Conséquences mondiales
En 2006, plus de 3,5 milliards de personnes souffrent de carence en fer, deux milliards sont en danger de carence en iode et 200 millions d'enfants d'âge préscolaire sont victimes d'insuffisance en vitamine A. Dans les pays en développement, les insuffisances alimentaires causent des maladies comme le kwashiorkor, l'anémie (qui attaque le système sanguin et empêche la concentration), le rachitisme (qui empêche le développement normal des os de l'enfant) ou la cécité (causée par des carences en vitamine A). Le rapport de 2004 de l'Unicef et la Banque mondiale dresse un bilan terrifiant : les carences en fer parmi les bébés de 6 à 24 mois affectent le développement mental de 40 à 60 % des enfants des pays en développement ; les carences en iode ont fait reculer la capacité intellectuelle de ces pays de 10 à 15 %, et causent la naissance de 18 millions d'enfants handicapés mentaux par an ; le manque de vitamine A entraine la mort d'un million d'enfants chaque année. Chez les adultes, les plus affectés sont souvent les femmes : l'anémie causée par le manque de fer entraine la mort de 60 000 jeunes femmes pendant leur grossesse ou leur accouchement ; le manque d'acide folique cause un décès par maladie cardiaque sur dix. Les carences s'additionnent et rendent l'organisme plus vulnérable à d'autres maladies. L'impact économique est énorme, la baisse d'énergie associée aux carences causant une chute de 2 % du PNB dans les pays les plus affectés. La sous-alimentation affecte quelque 800 millions de personnes dans le monde, tandis que l'obésité affecte plus de 300 millions de personnes (voir ces articles pour les détails). Selon MSF, en moyenne sur 2009, un enfant est mort de malnutrition toutes les six secondes (soit plus de cinq millions sur l'année). La lutte contre la malnutrition est par ailleurs l'un des huit Objectifs du millénaire pour le développement, initiés en 2000 par l'ONU. La troisième cible de cet objectif vise à réduire de moitié le nombre de personnes souffrant de malnutrition entre 1990 et 2015.
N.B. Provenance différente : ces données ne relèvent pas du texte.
(* Let $\mathbf X\in\mathbb R^d$ be elliptical with positive definite covariance $\boldsymbol\Sigma=\mathbf V\boldsymbol\Lambda\mathbf V'$ and $\mathbf Y=\mathbf V'\mathbf X$. For $\alpha\in(0,1)$ and $i\in\{1,\dots,d\}$ let $\boldsymbol\Lambda_{i,\alpha}:=\mathrm{Cov}(\mathbf Y\mid Y_i\in\mathsf T^\alpha_{Y_i})$ (the conditioning event having positive probability). Then $\mathrm{Tr}(\boldsymbol\Lambda_{1,\alpha})\le\mathrm{Tr}(\boldsymbol\Lambda_{i,\alpha})\le\mathrm{Tr}(\boldsymbol\Lambda_{d,\alpha})$ for all $i\in\{1,\dots,d\}$; i.e. the preserved total variance is maximized by peeling $Y_d$ and minimized by peeling $Y_1$.
   Context: A random vector $\mathbf X\in\mathbb R^d$ belongs to the elliptical family with parameters $(\boldsymbol\mu,\boldsymbol\Sigma,\phi)$ if its characteristic function is $\mathbb E[e^{i\mathbf t'\mathbf X}]=e^{i\mathbf t'\boldsymbol\mu}\phi(\mathbf t'\boldsymbol\Sigma\mathbf t)$ for all $\mathbf t\in\mathbb R^d$, for some scalar function $\phi$; here $\mathbf X$ is assumed to have finite second moments and covariance matrix $\boldsymbol\Sigma$, positive definite. Spectral decomposition: $\boldsymbol\Sigma=\mathbf V\boldsymbol\Lambda\mathbf V'$ with $\mathbf V$ orthogonal (orthonormal eigenvectors as columns) and $\boldsymbol\Lambda=\mathrm{diag}(\lambda_1,\dots,\lambda_d)$, $\lambda_1\ge\cdots\ge\lambda_d>0$. For a real random variable $W$, $Q_W(p)=\inf\{x:\mathbb P(W\le x)\ge p\}$ and $\mathsf T^\alpha_W:=[Q_W(\alpha/2),Q_W(1-\alpha/2)]$. *)

theory Defs
  imports "HOL-Probability.Probability"
begin

definition cov_matrix :: "'a measure \<Rightarrow> ('a \<Rightarrow> real^'n) \<Rightarrow> real^'n^'n" where
  "cov_matrix M X = (\<chi> j k. \<integral>\<omega>. (X \<omega> $ j - (\<integral>\<eta>. X \<eta> $ j \<partial>M)) *
                              (X \<omega> $ k - (\<integral>\<eta>. X \<eta> $ k \<partial>M)) \<partial>M)"

definition elliptical :: "'a measure \<Rightarrow> ('a \<Rightarrow> real^'n) \<Rightarrow> real^'n \<Rightarrow> real^'n^'n \<Rightarrow> (real \<Rightarrow> complex) \<Rightarrow> bool" where
  "elliptical M X \<mu> \<Sigma> \<phi> \<longleftrightarrow>
     (\<forall>t. (\<integral>\<omega>. cis (t \<bullet> X \<omega>) \<partial>M) = cis (t \<bullet> \<mu>) * \<phi> (t \<bullet> (\<Sigma> *v t)))"

definition quantile :: "'a measure \<Rightarrow> ('a \<Rightarrow> real) \<Rightarrow> real \<Rightarrow> real" where
  "quantile M W p = Inf {x. p \<le> measure M {\<omega> \<in> space M. W \<omega> \<le> x}}"

definition central_interval :: "'a measure \<Rightarrow> ('a \<Rightarrow> real) \<Rightarrow> real \<Rightarrow> real set" where
  "central_interval M W \<alpha> = {quantile M W (\<alpha>/2) .. quantile M W (1 - \<alpha>/2)}"

definition cond_mean :: "'a measure \<Rightarrow> 'a set \<Rightarrow> ('a \<Rightarrow> real) \<Rightarrow> real" where
  "cond_mean M A Z = (\<integral>\<omega>. indicator A \<omega> * Z \<omega> \<partial>M) / measure M A"

definition cond_cov :: "'a measure \<Rightarrow> 'a set \<Rightarrow> ('a \<Rightarrow> real^'n) \<Rightarrow> real^'n^'n" where
  "cond_cov M A Y = (\<chi> j k. cond_mean M A (\<lambda>\<omega>. (Y \<omega> $ j - cond_mean M A (\<lambda>\<eta>. Y \<eta> $ j)) *
                                             (Y \<omega> $ k - cond_mean M A (\<lambda>\<eta>. Y \<eta> $ k))))"

end

theory Submission
  imports Defs
begin

(* Write Y = V'X = V'mu + Lambda^(1/2) Z. For elliptical X the standardised vector Z is spherical:
   its characteristic function is phi (|w|^2). Hence all Z_i share one symmetric law, so the
   central interval of each Y_i corresponds to one interval [l, u] containing 0 for every Z_i,
   and each pair (Z_i, Z_k) with i ~= k has a rotation invariant joint law. Conditionally on
   Z_i in [l, u] the other coordinates then have mean 0 and a common variance a, while the
   conditional variance b of Z_i itself does not depend on i. Averaging over the rotations of
   (Z_i, Z_k) shows E[Z_i^2; Z_i in [l, u]] <= E[Z_k^2; Z_i in [l, u]], so b <= a, and
   Tr Lambda_(i,alpha) = a * (sum_k lambda_k) + lambda_i * (b - a) decreases with lambda_i. *)

section \<open>Characteristic functions of weighted laws\<close>

lemma char_density_const:
  fixes M :: "real measure"
  assumes "sets M = sets borel" "0 < c"
  shows "char (density M (\<lambda>_. ennreal c)) t = c *\<^sub>R char M t"
proof -
  have "(\<lambda>x. iexp (t * x)) \<in> borel_measurable M"
    using assms(1) by (simp add: measurable_cong_sets[OF assms(1) refl])
  then show ?thesis
    unfolding char_def using assms(2) by (subst integral_density) auto
qed

lemma real_distribution_normalized:
  fixes M :: "real measure"
  assumes "finite_measure M" "sets M = sets borel" "measure M (space M) = m" "0 < m"
  shows "real_distribution (density M (\<lambda>_. ennreal (1 / m)))"
proof -
  interpret finite_measure M by fact
  have "emeasure (density M (\<lambda>_. ennreal (1 / m))) (space M) = 1"
    using assms(3,4) by (simp add: emeasure_density_const emeasure_eq_measure ennreal_mult'[symmetric])
  then show ?thesis
    unfolding real_distribution_def real_distribution_axioms_def
    using assms(2) by (auto intro!: prob_spaceI simp: space_density)
qed

theorem finite_measure_eq_if_char_eq:
  fixes M1 M2 :: "real measure"
  assumes fin: "finite_measure M1" "finite_measure M2"
    and sets: "sets M1 = sets borel" "sets M2 = sets borel"
    and char_eq: "char M1 = char M2"
  shows "M1 = M2"
proof -
  have char_0: "char M 0 = of_real (measure M (space M))" if "finite_measure M" for M :: "real measure"
    unfolding char_def by (simp add: scaleR_conv_of_real)
  define m where "m = measure M1 (space M1)"
  have m: "measure M (space M) = m" if "M \<in> {M1, M2}" for M
    using that char_0[OF fin(1)] char_0[OF fin(2)] char_eq m_def by (auto simp: of_real_eq_iff)
  have "emeasure M1 A = emeasure M2 A" if "A \<in> sets borel" for A
  proof (cases "m = 0")
    case True
    have "emeasure M A = 0" if "M \<in> {M1, M2}" "A \<in> sets M" for M
    proof -
      interpret finite_measure M using that fin by auto
      have "emeasure M A \<le> emeasure M (space M)"
        using that by (intro emeasure_mono) (auto dest: sets.sets_into_space)
      then show ?thesis using m[OF that(1)] True by (simp add: emeasure_eq_measure measure_le_0_iff)
    qed
    then show ?thesis using \<open>A \<in> sets borel\<close> sets by simp
  next
    case False
    then have "0 < m" using m_def by (simp add: order_less_le)
    have "density M1 (\<lambda>_. ennreal (1 / m)) = density M2 (\<lambda>_. ennreal (1 / m))"
      using real_distribution_normalized[OF fin(1) sets(1) m \<open>0 < m\<close>]
        real_distribution_normalized[OF fin(2) sets(2) m \<open>0 < m\<close>]
        char_density_const[OF sets(1)] char_density_const[OF sets(2)] char_eq \<open>0 < m\<close>
      by (intro Levy_uniqueness) (auto simp: fun_eq_iff)
    then have "ennreal (1 / m) * emeasure M1 A = ennreal (1 / m) * emeasure M2 A"
      using emeasure_density_const[of A M1 "ennreal (1 / m)"] emeasure_density_const[of A M2 "ennreal (1 / m)"]
        sets \<open>A \<in> sets borel\<close>
      by simp
    then show ?thesis using \<open>0 < m\<close> by (simp add: ennreal_mult_cancel_left)
  qed
  then show ?thesis using sets by (intro measure_eqI) auto
qed

lemma distr_eq_if_char_eq:
  fixes Z Z' :: "'a \<Rightarrow> real"
  assumes "prob_space M" and [measurable]: "Z \<in> borel_measurable M" "Z' \<in> borel_measurable M"
    and "\<And>t. (\<integral>\<omega>. iexp (t * Z \<omega>) \<partial>M) = (\<integral>\<omega>. iexp (t * Z' \<omega>) \<partial>M)"
  shows "distr M borel Z = distr M borel Z'"
proof (rule Levy_uniqueness)
  show "real_distribution (distr M borel Z)" "real_distribution (distr M borel Z')"
    using assms(1) by (simp_all add: prob_space.real_distribution_distr)
  show "char (distr M borel Z) = char (distr M borel Z')"
    using assms(4) by (simp add: char_def fun_eq_iff integral_distr)
qed

lemma integral_scaleR_iexp:
  assumes "finite_measure M" and [measurable]: "h \<in> borel_measurable M" "x \<in> borel_measurable M"
    and bounded: "\<And>\<omega>. \<bar>h \<omega>\<bar> \<le> K"
  shows "(\<integral>\<omega>. h \<omega> *\<^sub>R iexp (x \<omega>) \<partial>M)
    = Complex (\<integral>\<omega>. h \<omega> * cos (x \<omega>) \<partial>M) (\<integral>\<omega>. h \<omega> * sin (x \<omega>) \<partial>M)"
proof -
  have int: "integrable M (\<lambda>\<omega>. h \<omega> *\<^sub>R iexp (x \<omega>))"
    using bounded by (intro finite_measure.integrable_const_bound[OF assms(1), where B=K])
      (auto simp: norm_exp_i_times)
  show ?thesis
    unfolding complex_eq_iff integral_Re[OF int, symmetric] integral_Im[OF int, symmetric]
    by (simp add: Re_exp Im_exp)
qed

lemma finite_measure_distr_density:
  assumes "finite_measure M" "g \<in> borel_measurable M" "\<And>\<omega>. g \<omega> \<le> K" "A \<in> borel_measurable M"
  shows "finite_measure (distr (density M (\<lambda>\<omega>. ennreal (g \<omega>))) borel A)"
proof (rule finite_measure.finite_measure_distr)
  interpret finite_measure M by fact
  have "emeasure (density M (\<lambda>\<omega>. ennreal (g \<omega>))) (space M) = (\<integral>\<^sup>+ \<omega>. ennreal (g \<omega>) \<partial>M)"
    using assms(2) by (subst emeasure_density) (auto intro!: nn_integral_cong)
  also have "\<dots> \<le> (\<integral>\<^sup>+ \<omega>. ennreal K \<partial>M)"
    by (intro nn_integral_mono ennreal_leI assms(3))
  also have "\<dots> < \<infinity>" using emeasure_finite[of "space M"] by (simp add: ennreal_mult_eq_top_iff less_top[symmetric])
  finally show "finite_measure (density M (\<lambda>\<omega>. ennreal (g \<omega>)))"
    by (intro finite_measureI) (auto simp: space_density)
qed (use assms in simp)

lemma integral_distr_density:
  fixes f :: "real \<Rightarrow> 'b::{banach, second_countable_topology}"
  assumes [measurable]: "g \<in> borel_measurable M" "A \<in> borel_measurable M" "f \<in> borel_measurable borel"
    and "\<And>\<omega>. 0 \<le> g \<omega>"
  shows "integral\<^sup>L (distr (density M (\<lambda>\<omega>. ennreal (g \<omega>))) borel A) f = (\<integral>\<omega>. g \<omega> *\<^sub>R f (A \<omega>) \<partial>M)"
  using assms(4) by (subst integral_distr) (auto simp: integral_density)

lemma distr_density_eq_if_char_eq:
  assumes "prob_space M" "prob_space N"
    and [measurable]: "g \<in> borel_measurable M" "g' \<in> borel_measurable N"
      "A \<in> borel_measurable M" "A' \<in> borel_measurable N"
    and bounds: "\<And>\<omega>. 0 \<le> g \<omega> \<and> g \<omega> \<le> K" "\<And>\<omega>. 0 \<le> g' \<omega> \<and> g' \<omega> \<le> K"
    and char_eq: "\<And>s. (\<integral>\<omega>. g \<omega> *\<^sub>R iexp (s * A \<omega>) \<partial>M) = (\<integral>\<omega>. g' \<omega> *\<^sub>R iexp (s * A' \<omega>) \<partial>N)"
  shows "distr (density M (\<lambda>\<omega>. ennreal (g \<omega>))) borel A = distr (density N (\<lambda>\<omega>. ennreal (g' \<omega>))) borel A'"
proof (rule finite_measure_eq_if_char_eq)
  show "finite_measure (distr (density M (\<lambda>\<omega>. ennreal (g \<omega>))) borel A)"
    using assms(1) bounds(1) by (intro finite_measure_distr_density) (auto intro: prob_space.axioms(1))
  show "finite_measure (distr (density N (\<lambda>\<omega>. ennreal (g' \<omega>))) borel A')"
    using assms(2) bounds(2) by (intro finite_measure_distr_density) (auto intro: prob_space.axioms(1))
  show "char (distr (density M (\<lambda>\<omega>. ennreal (g \<omega>))) borel A)
    = char (distr (density N (\<lambda>\<omega>. ennreal (g' \<omega>))) borel A')"
    unfolding char_def using bounds char_eq by (simp add: fun_eq_iff integral_distr_density)
qed simp_all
Et… très bon à savoir aussi:
Toutes les cinq secondes un enfant de moins de dix ans meurt de faim, tandis que des dizaines de millions d’autres, et leurs parents avec eux, souffrent de la sous-alimentation et de ses terribles séquelles physiques et psychologiques. Et pourtant, les experts le savent bien, l’agriculture mondiale d’aujourd’hui serait en mesure de nourrir 12 milliards d’êtres humains, soit près du double de la population mondiale. Nulle fatalité, donc, à cette destruction massive. Comment y mettre fin ? En prenant d’abord conscience des dimensions exactes du désastre : un état des lieux documenté, mais vibrant de la connaissance acquise sur le terrain par celui qui fut si longtemps en charge du dossier à l’ONU, ouvre le livre. Il s’agit tout aussitôt de comprendre les raisons de l’échec des formidables moyens mis en œuvre depuis la Deuxième Guerre mondiale pour éradiquer la faim. Puis d’identifier les ennemis du droit à l’alimentation. Pour saisir enfin le ressort des deux grandes stratégies à travers lesquelles progresse à présent le fléau : la production des agrocarburants et la spéculation sur les biens agricoles. Comme toujours avec Jean Ziegler, la souffrance a un visage, l’oppression un nom, et les mécanismes à l’œuvre sont saisis dans leur application concrète. Mais l’espoir est là, qui s’incarne dans la résistance quotidienne de ceux qui, dans les régions dévastées, occupent les terres et opposent le droit à l’alimentation à la puissance des trusts agro-alimentaires. Ils attendent de nous un indéfectible soutien. Au nom de la justice et de la dignité de l’Homme. Rapporteur spécial des Nations unies pour le droit à l’alimentation de 2001 à 2008, Jean Ziegler est aujourd’hui vice-président du comité consultatif du Conseil des droits de l’homme de l’ONU. Professeur émérite de sociologie à l’Université de Genève, il a consacré l’essentiel de son œuvre à dénoncer les mécanismes d’assujettissement des peuples du monde. Récemment : L’Empire de la honte (2005) et la Haine de l’Occident (2008).
Le professeur de sociologie Jean Ziegler
Jean Ziegler n'y va pas de main morte : la faim dans le monde serait la grande oeuvre du crime organisé. « Un enfant qui meurt de faim est un enfant assassiné. » Reste à savoir à qui profite le crime. Le professeur de sociologie à la Sorbonne explique sa théorie.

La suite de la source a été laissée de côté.